Most people who find their way to Heather have been holding something for a long time — some thread of their inner life around sex, desire, or intimacy that has never quite felt safe to say out loud. Not to a partner. Not to a friend. Sometimes not even to themselves.

We're thrilled to welcome Heather to the ėVölva team. She specializes in sex and intimacy, and she's exactly the kind of therapist you want sitting across from you when the thing you need to talk about is the thing you've been most afraid to name.

A therapist for the things nobody says out loud

Heather Barker, B.Sc, MACP, is a Sex Therapist and Mindfulness Practitioner with a certification in neurodivergence. People sometimes call her a taboo therapist, and she'll happily take the title. It just means there's no part of your inner life that's off the table with her — no desire too strange, no question too embarrassing, no part of your story too tangled or too tender to bring into the room.

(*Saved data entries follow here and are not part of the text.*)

(* Let $F$ be a Ferrers diagram and $G=G(F)$. For $c,c'\in\mathsf{Rec}^{\mathsf{min}}(G)$ we have $\mathsf{CanonTop}(c)=\mathsf{CanonTop}(c')$ if and only if $c=c'$.
   Context: Ferrers diagrams and graphs: a Ferrers diagram $F$ (English convention) of semiperimeter $n+1$ has rows and columns labeled by $0,\ldots,n$: the $n+1$ unit steps of its south-east boundary path, traversed from top-right to bottom-left, are labeled $0,1,\ldots,n$; a vertical step labels the row it bounds, a horizontal step the column it bounds (top row labeled $0$). $\mathsf{rows}(F)$, $\mathsf{cols}(F)$ are the row/column label sets; they partition $\{0,\ldots,n\}$, and $F$ has a cell in row $i$, column $j$ iff $i<j$. $G(F)$ has vertex set $\{0,\ldots,n\}$ with an edge between $i\in\mathsf{rows}(F)$ and $j\in\mathsf{cols}(F)$ iff $i<j$. Sandpile model with sink $0$: configurations $c\in\mathbb{N}^n$; non-sink $v$ unstable if $c_v\ge \deg(v)$; toppling $v$ sends one grain to each neighbour (grains sent to $0$ disappear); toppling the sink adds a grain to each of its neighbours. Recurrent configurations: stable configurations obtainable from the maximal stable configuration ($c_v=\deg(v)-1$) by adding grains and stabilizing; $\mathsf{Rec}(G)$ is their set and $\mathsf{Rec}^{\mathsf{min}}(G)$ the set of recurrent configurations with minimal total number of grains. Canonical toppling: for $c\in\mathsf{Rec}(G(F))$, starting from $c$ topple the sink ($U^{(0)}_c=\{0\}$), then alternately topple simultaneously all unstable vertices in $\mathsf{cols}(F)$ ($V^{(1)}_c$), all unstable vertices in $\mathsf{rows}(F)$ ($U^{(1)}_c$), all unstable in $\mathsf{cols}(F)$ ($V^{(2)}_c$), etc.; each vertex topples exactly once, and $\mathsf{CanonTop}(c)=(U^{(0)}_c,V^{(1)}_c,U^{(1)}_c,\ldots)$ is the resulting ordered set partition of $\{0,\ldots,n\}$. *)

theory Defs
  imports Main
begin

text \<open>A Ferrers diagram is given by its list of row lengths (top to bottom),
  a nonempty weakly decreasing list of positive integers.\<close>
definition ferrers :: "nat list \<Rightarrow> bool" where
  "ferrers lam \<longleftrightarrow> lam \<noteq> [] \<and> sorted (rev lam) \<and> (\<forall>x\<in>set lam. 0 < x)"

text \<open>Semiperimeter is length + first row length = N + 1; labels are 0..N.\<close>
definition NF :: "nat list \<Rightarrow> nat" where
  "NF lam = length lam + hd lam - 1"

text \<open>Row i (0-indexed from the top) is bounded by the vertical step preceded by
  i vertical steps and (hd lam - lam!i) horizontal steps of the boundary path.\<close>
definition rowsF :: "nat list \<Rightarrow> nat set" where
  "rowsF lam = {i + (hd lam - lam ! i) | i. i < length lam}"

definition colsF :: "nat list \<Rightarrow> nat set" where
  "colsF lam = {0..NF lam} - rowsF lam"

definition adjF :: "nat list \<Rightarrow> nat \<Rightarrow> nat \<Rightarrow> bool" where
  "adjF lam u v \<longleftrightarrow>
     (u \<in> rowsF lam \<and> v \<in> colsF lam \<and> u < v) \<or> (v \<in> rowsF lam \<and> u \<in> colsF lam \<and> v < u)"

definition degF :: "nat list \<Rightarrow> nat \<Rightarrow> nat" where
  "degF lam v = card {u \<in> {0..NF lam}. adjF lam u v}"

text \<open>Configurations are functions on the non-sink vertices 1..N, encoded as
  functions nat => nat vanishing outside {1..N}.\<close>
definition is_config :: "nat list \<Rightarrow> (nat \<Rightarrow> nat) \<Rightarrow> bool" where
  "is_config lam c \<longleftrightarrow> (\<forall>v. v \<notin> {1..NF lam} \<longrightarrow> c v = 0)"

definition stable :: "nat list \<Rightarrow> (nat \<Rightarrow> nat) \<Rightarrow> bool" where
  "stable lam c \<longleftrightarrow> (\<forall>v\<in>{1..NF lam}. c v < degF lam v)"

definition unstable_at :: "nat list \<Rightarrow> (nat \<Rightarrow> nat) \<Rightarrow> nat \<Rightarrow> bool" where
  "unstable_at lam c v \<longleftrightarrow> v \<in> {1..NF lam} \<and> degF lam v \<le> c v"

text \<open>Simultaneous toppling of a set S of vertices (each topples once).
  Grains sent to the sink disappear.  If S contains the sink, this is the sink toppling.\<close>
definition topple_set :: "nat list \<Rightarrow> nat set \<Rightarrow> (nat \<Rightarrow> nat) \<Rightarrow> (nat \<Rightarrow> nat)" where
  "topple_set lam S c = (\<lambda>u. if u \<in> {1..NF lam}
      then (c u + card {v \<in> S. adjF lam v u}) - (if u \<in> S then degF lam u else 0)
      else 0)"

definition legal_step :: "nat list \<Rightarrow> (nat \<Rightarrow> nat) \<Rightarrow> (nat \<Rightarrow> nat) \<Rightarrow> bool" where
  "legal_step lam c d \<longleftrightarrow> (\<exists>v. unstable_at lam c v \<and> d = topple_set lam {v} c)"

definition cmax :: "nat list \<Rightarrow> nat \<Rightarrow> nat" where
  "cmax lam = (\<lambda>v. if v \<in> {1..NF lam} then degF lam v - 1 else 0)"

definition Rec :: "nat list \<Rightarrow> (nat \<Rightarrow> nat) set" where
  "Rec lam = {c. is_config lam c \<and> stable lam c \<and>
      (\<exists>a. is_config lam a \<and> (legal_step lam)\<^sup>*\<^sup>* (\<lambda>v. cmax lam v + a v) c)}"

definition Rec_min :: "nat list \<Rightarrow> (nat \<Rightarrow> nat) set" where
  "Rec_min lam = {c \<in> Rec lam. \<forall>d \<in> Rec lam. sum c {1..NF lam} \<le> sum d {1..NF lam}}"

fun canon_stage :: "nat list \<Rightarrow> (nat \<Rightarrow> nat) \<Rightarrow> nat \<Rightarrow> nat set \<times> (nat \<Rightarrow> nat)" where
  "canon_stage lam c 0 = ({0}, topple_set lam {0} c)"
| "canon_stage lam c (Suc k) =
     (let d = snd (canon_stage lam c k);
          S = {v. unstable_at lam d v \<and> v \<in> (if odd (Suc k) then colsF lam else rowsF lam)}
      in (S, topple_set lam S d))"

text \<open>The sequence of stages (U0, V1, U1, V2, ...); once a stage is empty, all later
  stages are empty, so the nonempty stages form the ordered set partition.\<close>
definition CanonTop :: "nat list \<Rightarrow> (nat \<Rightarrow> nat) \<Rightarrow> nat \<Rightarrow> nat set" where
  "CanonTop lam c = (\<lambda>k. fst (canon_stage lam c k))"

end

theory Submission
  imports Defs
begin

text \<open>Let S = CanonTop c. When a vertex v topples in its stage it holds c v plus one grain
  from each neighbour toppled in an earlier stage, so c dominates the configuration
  c_S v = deg v - #(neighbours of v toppled before v), which depends on S only. Conversely
  c_S is recurrent: replaying S after a sink toppling topples every vertex once and so
  undoes it, and many sink topplings on top of c_S are reachable from a configuration above
  the maximal stable one. A minimal recurrent c therefore equals c_S.\<close>

definition nbr_count :: "nat list \<Rightarrow> nat set \<Rightarrow> nat \<Rightarrow> nat" where
  "nbr_count lam T v = card {u \<in> T. adjF lam u v}"

definition independent :: "nat list \<Rightarrow> nat set \<Rightarrow> bool" where
  "independent lam S \<longleftrightarrow> (\<forall>u\<in>S. \<forall>w\<in>S. \<not> adjF lam u w)"

lemma adjF_sym: "adjF lam u v = adjF lam v u"
  unfolding adjF_def by auto

lemma adjF_irrefl: "\<not> adjF lam u u"
  unfolding adjF_def by auto

lemma adjF_le_NF: "adjF lam u v \<Longrightarrow> u \<le> NF lam \<and> v \<le> NF lam"
  unfolding adjF_def colsF_def by auto

lemma rowsF_colsF_disjoint: "v \<in> rowsF lam \<Longrightarrow> v \<notin> colsF lam"
  unfolding colsF_def by blast

lemma rowsF_or_colsF: "v \<le> NF lam \<Longrightarrow> v \<in> rowsF lam \<or> v \<in> colsF lam"
  unfolding colsF_def by auto

lemma not_adjF_rowsF: "u \<in> rowsF lam \<Longrightarrow> v \<in> rowsF lam \<Longrightarrow> \<not> adjF lam u v"
  unfolding adjF_def using rowsF_colsF_disjoint by blast

lemma not_adjF_colsF: "u \<in> colsF lam \<Longrightarrow> v \<in> colsF lam \<Longrightarrow> \<not> adjF lam u v"
  unfolding adjF_def using rowsF_colsF_disjoint by blast

lemma finite_adjF_nbrs: "finite {u \<in> T. adjF lam u v}"
  by (rule finite_subset[of _ "{0..NF lam}"]) (auto dest: adjF_le_NF)

lemma degF_eq_nbr_count: "degF lam v = nbr_count lam {0..NF lam} v"
  unfolding degF_def nbr_count_def by simp

lemma nbr_count_le_degF: "nbr_count lam T v \<le> degF lam v"
  unfolding degF_eq_nbr_count nbr_count_def
  by (rule card_mono) (auto dest: adjF_le_NF intro: finite_adjF_nbrs)

lemma degF_le: "degF lam v \<le> NF lam + 1"
proof -
  have "degF lam v \<le> card {0..NF lam}" unfolding degF_def by (rule card_mono) auto
  then show ?thesis by simp
qed

lemma nbr_count_Un_disjoint:
  assumes "A \<inter> B = {}"
  shows "nbr_count lam (A \<union> B) v = nbr_count lam A v + nbr_count lam B v"
proof -
  have "{u \<in> A \<union> B. adjF lam u v} = {u \<in> A. adjF lam u v} \<union> {u \<in> B. adjF lam u v}"
    "{u \<in> A. adjF lam u v} \<inter> {u \<in> B. adjF lam u v} = {}" using assms by auto
  then show ?thesis unfolding nbr_count_def by (simp add: card_Un_disjoint finite_adjF_nbrs)
qed

lemma nbr_count_empty [simp]: "nbr_count lam {} v = 0"
  unfolding nbr_count_def by simp

lemma nbr_count_singleton: "nbr_count lam {w} v = (if adjF lam w v then 1 else 0)"
proof -
  have "{u \<in> {w}. adjF lam u v} = (if adjF lam w v then {w} else {})" by auto
  then show ?thesis unfolding nbr_count_def by simp
qed

lemma nbr_count_independent:
  assumes "independent lam S" "v \<in> S"
  shows "nbr_count lam S v = 0"
proof -
  have "{u \<in> S. adjF lam u v} = {}" using assms unfolding independent_def by blast
  then show ?thesis unfolding nbr_count_def by (simp only: card.empty)
qed

lemma topple_set_eq_nbr_count:
  "topple_set lam S c = (\<lambda>u. if u \<in> {1..NF lam}
      then (c u + nbr_count lam S u) - (if u \<in> S then degF lam u else 0) else 0)"
  unfolding topple_set_def nbr_count_def by simp

lemma topple_set_apply:
  "u \<in> {1..NF lam} \<Longrightarrow>
    topple_set lam S c u = (c u + nbr_count lam S u) - (if u \<in> S then degF lam u else 0)"
  unfolding topple_set_eq_nbr_count by simp

lemma topple_set_outside: "u \<notin> {1..NF lam} \<Longrightarrow> topple_set lam S c u = 0"
  unfolding topple_set_def by (simp only: if_False)

lemma is_config_topple_set: "is_config lam (topple_set lam S c)"
  unfolding is_config_def using topple_set_outside by blast

lemma topple_set_empty: "is_config lam c \<Longrightarrow> topple_set lam {} c = c"
  unfolding topple_set_eq_nbr_count is_config_def by auto

lemma topple_set_insert:
  assumes "w \<notin> S" "independent lam (insert w S)" "\<forall>v\<in>insert w S. degF lam v \<le> c v"
  shows "topple_set lam (insert w S) c = topple_set lam {w} (topple_set lam S c)"
proof
  fix u
  have nbr_insert: "nbr_count lam (insert w S) u = nbr_count lam {w} u + nbr_count lam S u"
    using nbr_count_Un_disjoint[of "{w}" S lam u] assms(1) by simp
  show "topple_set lam (insert w S) c u = topple_set lam {w} (topple_set lam S c) u"
  proof (cases "u \<in> {1..NF lam}")
    case False
    then show ?thesis by (simp add: topple_set_outside)
  next
    case u: True
    show ?thesis
    proof (cases "u \<in> insert w S")
      case True
      then have "nbr_count lam (insert w S) u = 0"
        by (rule nbr_count_independent[OF assms(2)])
      moreover have "degF lam u \<le> c u" using assms(3) True by blast
      ultimately show ?thesis
        using u True assms(1) nbr_insert by (auto simp: topple_set_apply)
    next
      case False
      then show ?thesis using u nbr_insert by (simp add: topple_set_apply)
    qed
  qed
qed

So much of what we carry around sex and intimacy never gets spoken because we've quietly decided it's not allowed. The fantasy we're ashamed of. The wanting that feels like too much, or the wanting that's gone missing entirely. The version of ourselves we packed away somewhere along the line because it didn't fit the script. Heather's whole practice is built around the radical idea that these things deserve daylight — and that you deserve to be met with care when you finally set them down.

What anchors her work

Underneath everything Heather does is a single, steady belief: shame loses its grip the moment something gets spoken in a room where it's met with care instead of a flinch.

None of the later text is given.